Wkrótce musiał się i tego wyrzec. Nie było wątpliwości, że to był aligator. Jeden z nich rzucił się w wodzie i o mało łódki nie przewrócił. Wzruszenie to prędko minęło i przebywając teraz pustą przestrzeń, wdzięczny był gromadzie małp, zgromadzonych na brzegu i witających go wrzaskiem i piskiem.
W taki to sposób zbliżał się do wielkości, do jakiej żaden człowiek nie doszedł jeszcze.
Teraz marzył tylko o zachodzie słońca, a wiozący go wioślarze rozmyślali o wydaniu go w ręce Radży.
— Może zgłupiałem ze zmęczenia, lub zdrzemnąłem się na chwilę — opowiadał.

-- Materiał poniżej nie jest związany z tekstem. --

lemma at_xy_one_monom3:
  assumes "i \<le> k" "j \<le> k"
  shows "at_xy_one (monom3 i j k) = fps_X ^ k"
proof (rule fps_ext)
  fix n
  have inner: "(\<Sum>m\<le>n. monom3 i j k $ n $ l $ m)
      = (if l = j then (if n = k \<and> i \<le> n then 1 else 0) else 0)" for l
  proof -
    have "(\<Sum>m\<le>n. monom3 i j k $ n $ l $ m)
        = (\<Sum>m\<le>n. if m = i then (if n = k \<and> l = j then 1 else 0) else 0)"
      by (rule sum.cong) (auto simp: monom3_nth)
    also have "\<dots> = (if l = j then (if n = k \<and> i \<le> n then 1 else 0) else 0)"
      by simp
    finally show ?thesis .
  qed
  have "(\<Sum>l\<le>n. \<Sum>m\<le>n. monom3 i j k $ n $ l $ m) = (if n = k then 1 else 0)"
    using assms by (simp add: inner)
  then show "at_xy_one (monom3 i j k) $ n = fps_X ^ k $ n"
    by (simp add: at_xy_one_def fps_X_power_nth)
qed

lemma at_xy_one_mult:
  fixes S T :: "'a::comm_semiring_1 fps fps fps"
  assumes "xy_bounded S" "xy_bounded T"
  shows "at_xy_one (S * T) = at_xy_one S * at_xy_one T"
proof (rule fps_ext)
  fix n
  have factor: "(\<Sum>l\<le>n. \<Sum>m\<le>n. (S $ i * T $ (n - i)) $ l $ m)
      = at_xy_one S $ i * at_xy_one T $ (n - i)" if "i \<le> n" for i
  proof -
    have "(\<Sum>l\<le>i + (n - i). \<Sum>m\<le>i + (n - i). (S $ i * T $ (n - i)) $ l $ m)
        = at_xy_one S $ i * at_xy_one T $ (n - i)"
      unfolding at_xy_one_def fps_nth_Abs_fps
      by (rule fps_fps_mult_coeff_sum) (use assms in \<open>auto simp: xy_bounded_def\<close>)
    then show ?thesis using that by simp
  qed
  have "(S * T) $ n $ l $ m = (\<Sum>i = 0..n. (S $ i * T $ (n - i)) $ l $ m)" for l m
    by (subst fps_mult_nth) (simp only: fps_sum_nth)
  then have "at_xy_one (S * T) $ n = (\<Sum>l\<le>n. \<Sum>m\<le>n. \<Sum>i = 0..n. (S $ i * T $ (n - i)) $ l $ m)"
    by (simp add: at_xy_one_def)
  also have "\<dots> = (\<Sum>i = 0..n. \<Sum>l\<le>n. \<Sum>m\<le>n. (S $ i * T $ (n - i)) $ l $ m)"
    by (simp only: sum.swap[of _ "{0..n}"])
  also have "\<dots> = (\<Sum>i = 0..n. at_xy_one S $ i * at_xy_one T $ (n - i))"
    by (rule sum.cong) (simp_all add: factor)
  also have "\<dots> = (at_xy_one S * at_xy_one T) $ n"
    by (simp only: fps_mult_nth)
  finally show "at_xy_one (S * T) $ n = (at_xy_one S * at_xy_one T) $ n" .
qed

section \<open>Counting partitions by largest part and number of parts\<close>

lemma card_nonincreasing_lists:
  fixes A :: "'a::linorder set"
  assumes "finite A"
  shows "card {xs. sorted_wrt (\<ge>) xs \<and> length xs = k \<and> set xs \<subseteq> A} = (card A + k - 1) choose k"
proof -
  let ?L = "{xs. sorted_wrt (\<ge>) xs \<and> length xs = k \<and> set xs \<subseteq> A}"
  have "bij_betw mset ?L (multisets_of_size A k)"
  proof (rule bij_betw_byWitness[where f' = "\<lambda>M. rev (sorted_list_of_multiset M)"])
    show "\<forall>xs\<in>?L. rev (sorted_list_of_multiset (mset xs)) = xs"
    proof
      fix xs assume "xs \<in> ?L"
      then have "sorted (rev xs)" by (simp add: sorted_wrt_rev)
      then have "sorted_list_of_multiset (mset xs) = rev xs"
        by (metis mset_rev sorted_list_of_multiset_mset sorted_sort_id)
      then show "rev (sorted_list_of_multiset (mset xs)) = xs" by simp
    qed
    show "\<forall>M\<in>multisets_of_size A k. mset (rev (sorted_list_of_multiset M)) = M"
      by simp
    show "mset ` ?L \<subseteq> multisets_of_size A k"
      by (auto simp: multisets_of_size_def)
    show "(\<lambda>M. rev (sorted_list_of_multiset M)) ` multisets_of_size A k \<subseteq> ?L"
      by (auto simp: multisets_of_size_def sorted_wrt_rev simp flip: size_mset)
  qed
  then show ?thesis
    using card_multisets_of_size[OF assms] by (simp add: bij_betw_same_card)
qed

definition admissible :: "nat \<Rightarrow> nat \<Rightarrow> nat \<Rightarrow> nat set" where
  "admissible d a b = {k. 0 < k \<and> ([k = a] (mod d) \<or> [k = b] (mod d))}"

definition admissible_upto :: "nat \<Rightarrow> nat \<Rightarrow> nat \<Rightarrow> nat \<Rightarrow> nat set" where
  "admissible_upto d a b m = {k \<in> admissible d a b. k \<le> m}"

lemma finite_admissible_upto [simp]: "finite (admissible_upto d a b m)"
  by (simp add: admissible_upto_def)

lemma zero_not_admissible [simp]: "0 \<notin> admissible d a b"
  by (simp add: admissible_def)

definition mchoose :: "nat \<Rightarrow> nat \<Rightarrow> nat" where
  "mchoose c k = (c + k - 1) choose k"

lemma ell3_eq:
  "ell3 d a b m l n =
     (if 0 < l \<and> n + 1 = m + l \<and> m \<in> admissible d a b
      then mchoose (card (admissible_upto d a b m)) (l - 1) else 0)"
proof -
  let ?P = "{p. is_partition p \<and> parts_ab_mod d a b p \<and>
      largest_part p = m \<and> num_parts p = l \<and> perimeter p = n}"
  let ?L = "{xs. sorted_wrt (\<ge>) xs \<and> length xs = l - 1 \<and> set xs \<subseteq> admissible_upto d a b m}"
  have "?P = (if 0 < l \<and> n + 1 = m + l \<and> m \<in> admissible d a b then (Cons m) ` ?L else {})"
    by (auto simp: is_partition_def parts_ab_mod_def largest_part_def num_parts_def perimeter_def
        admissible_upto_def admissible_def neq_Nil_conv image_iff)
  then show ?thesis
    by (simp add: ell3_def mchoose_def card_image card_nonincreasing_lists)
qed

Pierwszą rzeczą, z jakiej zdał sobie sprawę, było zbliżenie się łódki do brzegu. Natychmiast spostrzegł, że las pozostał za nimi, a przed nimi ukazują się pierwsze domy. W tej chwili łódź stuknęła o brzeg i trzej krajowcy wyskoczyli i uciekać zaczęli.

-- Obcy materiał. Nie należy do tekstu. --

lemma measure_coin_space_cylinder:
  assumes "B \<subseteq> bitvecs n"
  shows "prod_emb UNIV (\<lambda>_. coin) {..<n} B \<in> sets coin_space"
    and "measure coin_space (prod_emb UNIV (\<lambda>_. coin) {..<n} B) = card B / 2 ^ n"
proof -
  show "prod_emb UNIV (\<lambda>_. coin) {..<n} B \<in> sets coin_space"
    unfolding coin_space_def using emeasure_PiM_coin(1)[OF assms]
    by (intro measurable_prod_emb) auto
  have "emeasure coin_space (prod_emb UNIV (\<lambda>_. coin) {..<n} B) = ennreal (card B / 2 ^ n)"
    unfolding coin_space_def using emeasure_PiM_coin[OF assms]
    by (subst coins.emeasure_PiM_emb') auto
  then show "measure coin_space (prod_emb UNIV (\<lambda>_. coin) {..<n} B) = card B / 2 ^ n"
    by (simp add: measure_def)
qed

lemma mu_event_psum_eq_cylinder:
  "mu_event n {r \<in> Q n. P (psum r n)} =
     prod_emb UNIV (\<lambda>_. coin) {..<n} {v \<in> bitvecs n. P (card (ones n (pdigits n v)))}"
proof -
  have "restrict \<omega> {..<n} \<in> bitvecs n" for \<omega>
    by (simp add: bitvecs_def)
  then show ?thesis
    unfolding mu_event_def prod_emb_def coin_space_def
    using series_of_in_Q psum_series_of pdigits_restrict by (auto simp: space_PiM)
qed

lemma card_filter_bij_betw:
  assumes "bij_betw f A B"
  shows "card {a \<in> A. P (f a)} = card {b \<in> B. P b}"
proof (rule bij_betw_same_card, rule bij_betw_subset[OF assms])
  show "f ` {a \<in> A. P (f a)} = {b \<in> B. P b}"
    using assms by (auto simp: bij_betw_def)
qed auto

lemma prob_binomial_half:
  "measure_pmf.prob (binomial_pmf n (1/2)) {x. P x} = card {T \<in> Pow {..<n}. P (card T)} / 2 ^ n"
proof -
  have "binomial_pmf n (1/2) =
      map_pmf card (map_pmf (\<lambda>b. {x \<in> {..<n}. b x}) (Pi_pmf {..<n} False (\<lambda>_. bernoulli_pmf (1/2))))"
    by (subst binomial_pmf_altdef'[where A="{..<n}"]) (simp_all add: map_pmf_comp)
  also have "\<dots> = map_pmf card (pmf_of_set (Pow {..<n}))"
    by (simp only: pmf_of_set_Pow_conv_bernoulli[OF finite_lessThan])
  finally have "measure_pmf.prob (binomial_pmf n (1/2)) {x. P x} =
      measure_pmf.prob (pmf_of_set (Pow {..<n})) {T. P (card T)}"
    by simp
  also have "\<dots> = card {T \<in> Pow {..<n}. P (card T)} / 2 ^ n"
    by (subst measure_pmf_of_set) (auto simp: card_Pow Int_def conj_commute)
  finally show ?thesis .
qed

lemma mu_event_psum:
  "mu_event n {r \<in> Q n. P (psum r n)} \<in> sets coin_space"
  "measure coin_space (mu_event n {r \<in> Q n. P (psum r n)}) =
     measure_pmf.prob (binomial_pmf n (1/2)) {x. P x}"
proof -
  let ?C = "{v \<in> bitvecs n. P (card (ones n (pdigits n v)))}"
  have "bij_betw (\<lambda>v. ones n (pdigits n v)) (bitvecs n) (Pow {..<n})"
    using bij_betw_trans[OF bij_betw_pdigits bij_betw_ones] by (simp add: comp_def)
  then have "card ?C = card {T \<in> Pow {..<n}. P (card T)}"
    by (rule card_filter_bij_betw)
  then show "mu_event n {r \<in> Q n. P (psum r n)} \<in> sets coin_space"
    "measure coin_space (mu_event n {r \<in> Q n. P (psum r n)}) =
       measure_pmf.prob (binomial_pmf n (1/2)) {x. P x}"
    unfolding mu_event_psum_eq_cylinder prob_binomial_half
    using measure_coin_space_cylinder[of ?C n] by auto
qed

lemma binomial_tail_bounds:
  fixes p \<epsilon> :: real
  assumes "p \<in> {0..1}" "\<epsilon> \<ge> 0"
  shows "measure_pmf.prob (binomial_pmf n p) {x. real x \<ge> real n * (p + \<epsilon>)} \<le> exp (- 2 * \<epsilon>^2 * real n)"
    and "measure_pmf.prob (binomial_pmf n p) {x. real x \<le> real n * (p - \<epsilon>)} \<le> exp (- 2 * \<epsilon>^2 * real n)"
proof -
  have "measure_pmf.prob (binomial_pmf n p) {x. real x \<ge> real n * (p + \<epsilon>)} \<le> exp (- 2 * \<epsilon>^2 * real n) \<and>
      measure_pmf.prob (binomial_pmf n p) {x. real x \<le> real n * (p - \<epsilon>)} \<le> exp (- 2 * \<epsilon>^2 * real n)"
  proof (cases "n = 0")
    case True
    then show ?thesis by simp
  next
    case False
    then have "{x. real x \<ge> real n * (p + \<epsilon>)} = {x. real x / n \<ge> p + \<epsilon>}"
      and "{x. real x \<le> real n * (p - \<epsilon>)} = {x. real x / n \<le> p - \<epsilon>}"
      by (auto simp: field_simps)
    moreover have "binomial_distribution p"
      using assms(1) by unfold_locales
    ultimately show ?thesis
      using binomial_distribution.prob_ge' binomial_distribution.prob_le' False assms(2)
      by (simp add: mult.commute mult.left_commute)
  qed
  then show "measure_pmf.prob (binomial_pmf n p) {x. real x \<ge> real n * (p + \<epsilon>)} \<le> exp (- 2 * \<epsilon>^2 * real n)"
    and "measure_pmf.prob (binomial_pmf n p) {x. real x \<le> real n * (p - \<epsilon>)} \<le> exp (- 2 * \<epsilon>^2 * real n)"
    by auto
qed

theorem lemma2p11:
  fixes \<epsilon> :: real and n :: nat
  assumes "\<epsilon> > 0"
  shows "mu_event n {r \<in> Q n. real (psum r n) \<ge> real n * (1/2 + \<epsilon>)} \<in> sets coin_space
       \<and> measure coin_space (mu_event n {r \<in> Q n. real (psum r n) \<ge> real n * (1/2 + \<epsilon>)})
           \<le> exp (- 2 * \<epsilon>^2 * real n)
       \<and> mu_event n {r \<in> Q n. real (psum r n) \<le> real n * (1/2 - \<epsilon>)} \<in> sets coin_space
       \<and> measure coin_space (mu_event n {r \<in> Q n. real (psum r n) \<le> real n * (1/2 - \<epsilon>)})
           \<le> exp (- 2 * \<epsilon>^2 * real n)"
  using mu_event_psum[where P="\<lambda>x. real x \<ge> real n * (1/2 + \<epsilon>)"]
    mu_event_psum[where P="\<lambda>x. real x \<le> real n * (1/2 - \<epsilon>)"]
    binomial_tail_bounds[of "1/2" \<epsilon> n] assms
  by simp

end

Instynktem wiedziony — wyskoczył za nimi.
Z początku zdawało mu się, że jest na pustkowiu, ale nagle usłyszał krzyki, jakieś wrota z trzaskiem się rozwarły i wypadła gromada ludzi, którzy ku niemu biegli.
W tej samej chwili ukazała się na rzece łódź, zbrojnymi ludźmi napełniona; schwycili oni opuszczoną łódkę, uniemożebniając tym sposobem wszelką myśl odwrotu.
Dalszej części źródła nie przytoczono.